Lindy Hop

Lindy Hop

Il lindy hop è una danza afroamericana nata ad Harlem, New York negli anni ’30.

Secondo la leggenda il nome alla danza fu dato da Shorty George Snowden che durante una competizione di ballo, dopo aver eseguito uno dei suoi passi secondo uno stile già in voga in alcune sale da ballo, disse che stava facendo il Lindy Hop.

Il Lindy Hop si balla prevalentemente in coppia ma esistono routine che prevedono dei passi da eseguire singolarmente, la struttura della danza è in otto tempi con postura molto bassa, un po’ molleggiata sulle gambe, è una danza che prevede anche figure acrobatiche ed include passi derivati dal charleston,tip tap e shag. Il Lindy Hop è stato il fenomeno di massa  nell’epoca della musica swing, centinaia di ballerini senza discriminazioni di razza affollavano le ballroom americane dove si esibivano le grandi orchestre swing.

Il Lindy Hop è stato negli anni trenta e quaranta del secolo scorso un vero esempio di integrazione culturale tra bianchi e neri ed insieme allo swing fu il primo fenomeno sociale trasversale nella storia degli Stati Uniti.
Il più grande ballerino diLindy Hop è stato Frankie Manningche ha inventato i cosiddetti Areals, delle figure molto spettacolari con salti ed evoluzioni acrobatiche. Nella sua lunga vita ha insegnato il Lindy Hop in tutto il mondo e noi abbiamo avuto la fortuna di conoscerlo.

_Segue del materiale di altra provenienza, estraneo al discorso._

lemma merge_deck_eq_mismatch_values:
  assumes n: "4 \<le> n" and deck: "merge_deck a n = merge_deck b n"
    and J: "J = {k \<in> {..<n}. a k \<noteq> b k}" "J \<noteq> {}"
    and disjoint: "\<And>k l. k \<in> J \<Longrightarrow> l \<in> J \<Longrightarrow> a k \<noteq> b l"
  obtains q where "n = 4" "J = {q}"
    "image_mset (merged b) (mset_set (meeting n J)) = replicate_mset 3 (a q)"
proof -
  define N where "N = (n - 1) choose 2"
  have J_sub: "J \<subseteq> {..<n}" and "finite J"
    using J(1) by auto
  have "a ` J \<inter> b ` J = {}"
    using disjoint by blast
  then have "set_mset (image_mset a (mset_set J)) \<inter> set_mset (image_mset b (mset_set J)) = {}"
    using \<open>finite J\<close> by (simp only: set_image_mset finite_set_mset_mset_set)
  from repeat_mset_subseteq_of_eq[OF merge_deck_eq_mismatch_part[OF deck J(1)] this]
  have sub: "repeat_mset N (image_mset a (mset_set J)) \<subseteq># image_mset (merged b) (mset_set (meeting n J))"
    unfolding N_def .
  have "N * card J \<le> card (meeting n J)"
    using size_mset_mono[OF sub] by simp
  then have bound: "((n - 1) choose 2) * card J \<le> (n choose 2) - ((n - card J) choose 2)"
    unfolding N_def card_meeting[OF J_sub] .
  have "1 \<le> card J"
    using J(2) \<open>finite J\<close> by (simp add: Suc_le_eq card_gt_0_iff)
  moreover have "card J \<le> n"
    using card_mono[OF finite_lessThan J_sub] by simp
  ultimately have "n = 4 \<and> card J = 1"
    by (rule choose_two_times_bound[OF n _ _ bound])
  then have "n = 4" "card J = 1"
    by simp_all
  then obtain q where q: "J = {q}"
    using card_1_singletonE by blast
  have repeated: "repeat_mset N (image_mset a (mset_set J)) = replicate_mset 3 (a q)"
    using \<open>n = 4\<close> q unfolding N_def by (simp add: choose_two)
  have "size (image_mset (merged b) (mset_set (meeting n J))) = 3"
    using \<open>n = 4\<close> q card_meeting[OF J_sub] by (simp add: choose_two)
  moreover obtain C where C: "image_mset (merged b) (mset_set (meeting n J)) = replicate_mset 3 (a q) + C"
    using sub unfolding repeated mset_subset_eq_exists_conv by blast
  ultimately have "C = {#}"
    by simp
  with C have "image_mset (merged b) (mset_set (meeting n J)) = replicate_mset 3 (a q)"
    by simp
  with \<open>n = 4\<close> q show thesis
    by (rule that)
qed

lemma merge_deck_eq_mismatch:
  assumes n: "4 \<le> n" and deck: "merge_deck a n = merge_deck b n"
    and J: "J = {k \<in> {..<n}. a k \<noteq> b k}" "J \<noteq> {}"
    and disjoint: "\<And>k l. k \<in> J \<Longrightarrow> l \<in> J \<Longrightarrow> a k \<noteq> b l"
  obtains q where "n = 4" "J = {q}" "\<And>k. k < n \<Longrightarrow> k \<noteq> q \<Longrightarrow> b q \<^bold>* a k = a q"
proof -
  obtain q where "n = 4" and q: "J = {q}"
    and merged_values: "image_mset (merged b) (mset_set (meeting n J)) = replicate_mset 3 (a q)"
    using merge_deck_eq_mismatch_values[OF assms] by metis
  have J_sub: "J \<subseteq> {..<n}"
    using J(1) by auto
  show thesis
  proof (rule that[OF \<open>n = 4\<close> q])
    fix k
    assume k: "k < n" "k \<noteq> q"
    have "{q, k} \<in> meeting n J"
      using k q J_sub by (auto simp: meeting_def two_subsets_def)
    then have "merged b {q, k} \<in># replicate_mset 3 (a q)"
      unfolding merged_values[symmetric] by simp
    then have "merged b {q, k} = a q"
      by simp
    moreover have "k \<notin> J"
      using k(2) q by simp
    then have "b k = a k"
      using k(1) J(1) by simp
    ultimately show "b q \<^bold>* a k = a q"
      using k(2) by (simp add: merged_doubleton)
  qed
qed

lemma F_alternating:
  assumes "\<And>c. c \<in># R \<Longrightarrow> x \<^bold>* c = y \<and> y \<^bold>* c = x"
  shows "x \<^bold>* F R = (if even (size R) then x else y)"
  using assms
proof (induction R arbitrary: x y)
  case empty
  then show ?case
    by simp
next
  case (add c R)
  have "x \<^bold>* F (add_mset c R) = (x \<^bold>* c) \<^bold>* F R"
    by (simp add: assoc)
  also have "x \<^bold>* c = y"
    using add.prems[of c] by simp
  also have "y \<^bold>* F R = (if even (size R) then y else x)"
  proof (rule add.IH)
    fix c'
    assume "c' \<in># R"
    then have "c' \<in># add_mset c R"
      by simp
    then show "y \<^bold>* c' = x \<and> x \<^bold>* c' = y"
      using add.prems by blast
  qed
  finally show ?case
    by simp
qed

lemma merge_deck_eq_imp_F_eq:
  assumes "2 \<le> n" "merge_deck a n = merge_deck b n"
  shows "F (image_mset a (mset_set {..<n})) = F (image_mset b (mset_set {..<n}))"
proof -
  have "{0, 1} \<in> two_subsets n"
    using assms(1) by (rule doubleton_in_two_subsets)
  then have "merge_card a n {0, 1} \<in># merge_deck b n"
    using assms(2) unfolding merge_deck_def by (metis finite_two_subsets elem_mset_set imageI set_image_mset)
  then obtain P where "P \<in> two_subsets n" "merge_card a n {0, 1} = merge_card b n P"
    unfolding merge_deck_def by auto
  then show ?thesis
    using F_merge_card[of "{0, 1}" n a] F_merge_card[of P n b] assms(1)
    by (auto simp: two_subsets_def)
qed

lemma F_image_mset_swap:
  fixes n q :: nat
  assumes "even n" "q < n"
    and swap: "\<And>k. k < n \<Longrightarrow> k \<noteq> q \<Longrightarrow> a q \<^bold>* a k = y \<and> y \<^bold>* a k = a q"
  shows "F (image_mset a (mset_set {..<n})) = y"
proof -
  define R where "R = image_mset a (mset_set ({..<n} - {q}))"
  have "mset_set {..<n} = add_mset q (mset_set ({..<n} - {q}))"
    using assms(2) by (simp add: mset_set.remove)
  then have "F (image_mset a (mset_set {..<n})) = a q \<^bold>* F R"
    unfolding R_def by simp
  also have "\<dots> = (if even (size R) then a q else y)"
  proof (rule F_alternating)
    fix c
    assume "c \<in># R"
    then have "c \<in> a ` ({..<n} - {q})"
      unfolding R_def by simp
    then show "a q \<^bold>* c = y \<and> y \<^bold>* c = a q"
      using swap by blast
  qed
  also have "\<dots> = y"
    using assms(1,2) by (simp add: R_def)
  finally show ?thesis .
qed

lemma merge_deck_eq_imp_agree:
  assumes n: "4 \<le> n" and deck: "merge_deck a n = merge_deck b n"
    and disjoint: "\<And>k l. k < n \<Longrightarrow> l < n \<Longrightarrow> a k \<noteq> b k \<Longrightarrow> a l \<noteq> b l \<Longrightarrow> a k \<noteq> b l"
    and "k < n"
  shows "a k = b k"
proof (rule ccontr)
  define J where "J = {k \<in> {..<n}. a k \<noteq> b k}"
  assume "a k \<noteq> b k"
  then have "J \<noteq> {}"
    using \<open>k < n\<close> unfolding J_def by blast
  have disjoint_J: "a k \<noteq> b l" if "k \<in> J" "l \<in> J" for k l
    using disjoint that unfolding J_def by blast
  obtain q where "n = 4" "J = {q}" and to_a: "\<And>k. k < n \<Longrightarrow> k \<noteq> q \<Longrightarrow> b q \<^bold>* a k = a q"
    using merge_deck_eq_mismatch[OF n deck J_def \<open>J \<noteq> {}\<close> disjoint_J] by metis
  have J': "J = {k \<in> {..<n}. b k \<noteq> a k}"
    unfolding J_def by (rule Collect_cong) auto
  have disjoint_J': "b k \<noteq> a l" if "k \<in> J" "l \<in> J" for k l
    using disjoint_J[OF that(2,1)] by simp
  obtain q' where "J = {q'}" and to_b: "\<And>k. k < n \<Longrightarrow> k \<noteq> q' \<Longrightarrow> a q' \<^bold>* b k = b q'"
    using merge_deck_eq_mismatch[OF n deck[symmetric] J' \<open>J \<noteq> {}\<close> disjoint_J'] by metis
  then have to_b: "\<And>k. k < n \<Longrightarrow> k \<noteq> q \<Longrightarrow> a q \<^bold>* b k = b q"
    using \<open>J = {q}\<close> by simp
  have "q \<in> J"
    using \<open>J = {q}\<close> by simp
  then have q: "q < n" "a q \<noteq> b q"
    unfolding J_def by simp_all
  have agree: "b k = a k" if "k < n" "k \<noteq> q" for k
  proof -
    have "k \<notin> J"
      using that(2) \<open>J = {q}\<close> by simp
    then show ?thesis
      using that(1) unfolding J_def by simp
  qed
  have "even n"
    using \<open>n = 4\<close> by simp
  have "F (image_mset a (mset_set {..<n})) = b q"
    using to_a to_b agree by (intro F_image_mset_swap[OF \<open>even n\<close> q(1)]) simp
  moreover have "F (image_mset b (mset_set {..<n})) = a q"
    using to_a to_b agree by (intro F_image_mset_swap[OF \<open>even n\<close> q(1)]) simp
  ultimately show False
    using merge_deck_eq_imp_F_eq[OF _ deck] n q(2) by simp
qed

theorem merge_deck_eq_iff:
  assumes "4 \<le> n"
  shows "merge_deck a n = merge_deck b n \<longleftrightarrow>
           image_mset a (mset_set {..<n}) = image_mset b (mset_set {..<n})"
proof
  assume deck: "merge_deck a n = merge_deck b n"
  obtain \<tau> where \<tau>: "\<tau> permutes {..<n}"
    and disjoint: "\<And>k l. k < n \<Longrightarrow> l < n \<Longrightarrow> a k \<noteq> b (\<tau> k) \<Longrightarrow> a l \<noteq> b (\<tau> l) \<Longrightarrow> a k \<noteq> b (\<tau> l)"
    using exists_permutes_mismatches_disjoint[of n a b] by blast
  have deck': "merge_deck a n = merge_deck (b \<circ> \<tau>) n"
    using deck merge_deck_permute[OF \<tau>] by simp
  have disjoint': "a k \<noteq> (b \<circ> \<tau>) l"
    if "k < n" "l < n" "a k \<noteq> (b \<circ> \<tau>) k" "a l \<noteq> (b \<circ> \<tau>) l" for k l
    using disjoint that by simp
  have "a k = (b \<circ> \<tau>) k" if "k < n" for k
    by (rule merge_deck_eq_imp_agree[OF assms deck' disjoint' that])
  then have "image_mset a (mset_set {..<n}) = image_mset (b \<circ> \<tau>) (mset_set {..<n})"
    by (intro image_mset_cong) simp
  also have "\<dots> = image_mset b (mset_set {..<n})"
    using permutes_implies_image_mset_eq[OF \<tau>, of "b \<circ> \<tau>" b] by simp
  finally show "image_mset a (mset_set {..<n}) = image_mset b (mset_set {..<n})" .
next
  show "image_mset a (mset_set {..<n}) = image_mset b (mset_set {..<n}) \<Longrightarrow> merge_deck a n = merge_deck b n"
    by (rule image_mset_eq_imp_merge_deck_eq)
qed

definition minor_coeffs :: "(nat \<Rightarrow> 'a) \<Rightarrow> nat \<Rightarrow> nat \<Rightarrow> nat \<Rightarrow> 'a" where
  "minor_coeffs a i j k = (if k = i then a i \<^bold>* a j else a (skip j k))"

lemma image_mset_minor_coeffs:
  assumes "i < j" "j < n"
  shows "image_mset (minor_coeffs a i j) (mset_set {..<n - 1}) = merge_card a n {i, j}"
proof -
  have "mset_set {..<n - 1} = add_mset i (mset_set ({..<n - 1} - {i}))"
    using assms by (simp add: mset_set.remove)
  moreover have "image_mset (minor_coeffs a i j) (mset_set ({..<n - 1} - {i}))
      = image_mset (a \<circ> skip j) (mset_set ({..<n - 1} - {i}))"
    by (intro image_mset_cong) (simp add: minor_coeffs_def)
  moreover have "\<dots> = image_mset a (mset_set ({..<n} - {i, j}))"
    using inj_on_subset[OF inj_skip subset_UNIV] skip_image[OF assms]
    by (simp add: multiset.map_comp[symmetric] image_mset_mset_set)
  ultimately show ?thesis
    using assms by (simp add: merge_card_def merged_doubleton minor_coeffs_def)
qed

end

section \<open>Affine functions over a nonassociative right semiring\<close>

locale nonassoc_right_semiring = msum: comm_monoid_mset add zero
  for add :: "'a \<Rightarrow> 'a \<Rightarrow> 'a" and zero :: 'a +
  fixes mul :: "'a \<Rightarrow> 'a \<Rightarrow> 'a" and one :: 'a
  assumes mul_one_right: "mul a one = a"
    and distrib_right: "mul (add a b) c = add (mul a c) (mul b c)"
    and mul_zero_right: "mul a zero = zero"

lemma nars_imp_nonassoc_right_semiring:
  assumes "nars add mul z e"
  shows "nonassoc_right_semiring add z mul e"
  by unfold_locales (use assms[unfolded nars_def] in blast)+

context nonassoc_right_semiring
begin

definition affine_rep :: "nat \<Rightarrow> ('a list \<Rightarrow> 'a) \<Rightarrow> (nat \<Rightarrow> 'a) \<Rightarrow> 'a \<Rightarrow> bool" where
  "affine_rep m h a c \<longleftrightarrow> (\<forall>xs. length xs = m \<longrightarrow>
      h xs = add (msum.F (image_mset (\<lambda>k. mul (a k) (xs ! k)) (mset_set {..<m}))) c)"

Il lindy hop si balla sulla musica swing,ed è per questo che si contraddistingue dagli altri balli nati in epoche successive come il Rock’n roll,il Jive,il Boogie Woogie. Quest’ultimi vengono ballati su altri generi musicali successivi allo swing.

Il lindy hop è swing e lo swing è lindy hop.
Le due parole vanno di pari passo. Il lindy hop è il ballo, lo swing è la musica. Un ballerino di lindy hop si diverte con il proprio partner interpretando il brano suonato in quel momento, e anche se non lo ha mai sentito prima si diverte nell’ascoltarlo e nel seguire e interpretare i cambi musicali sincopati che un brano swing contiene.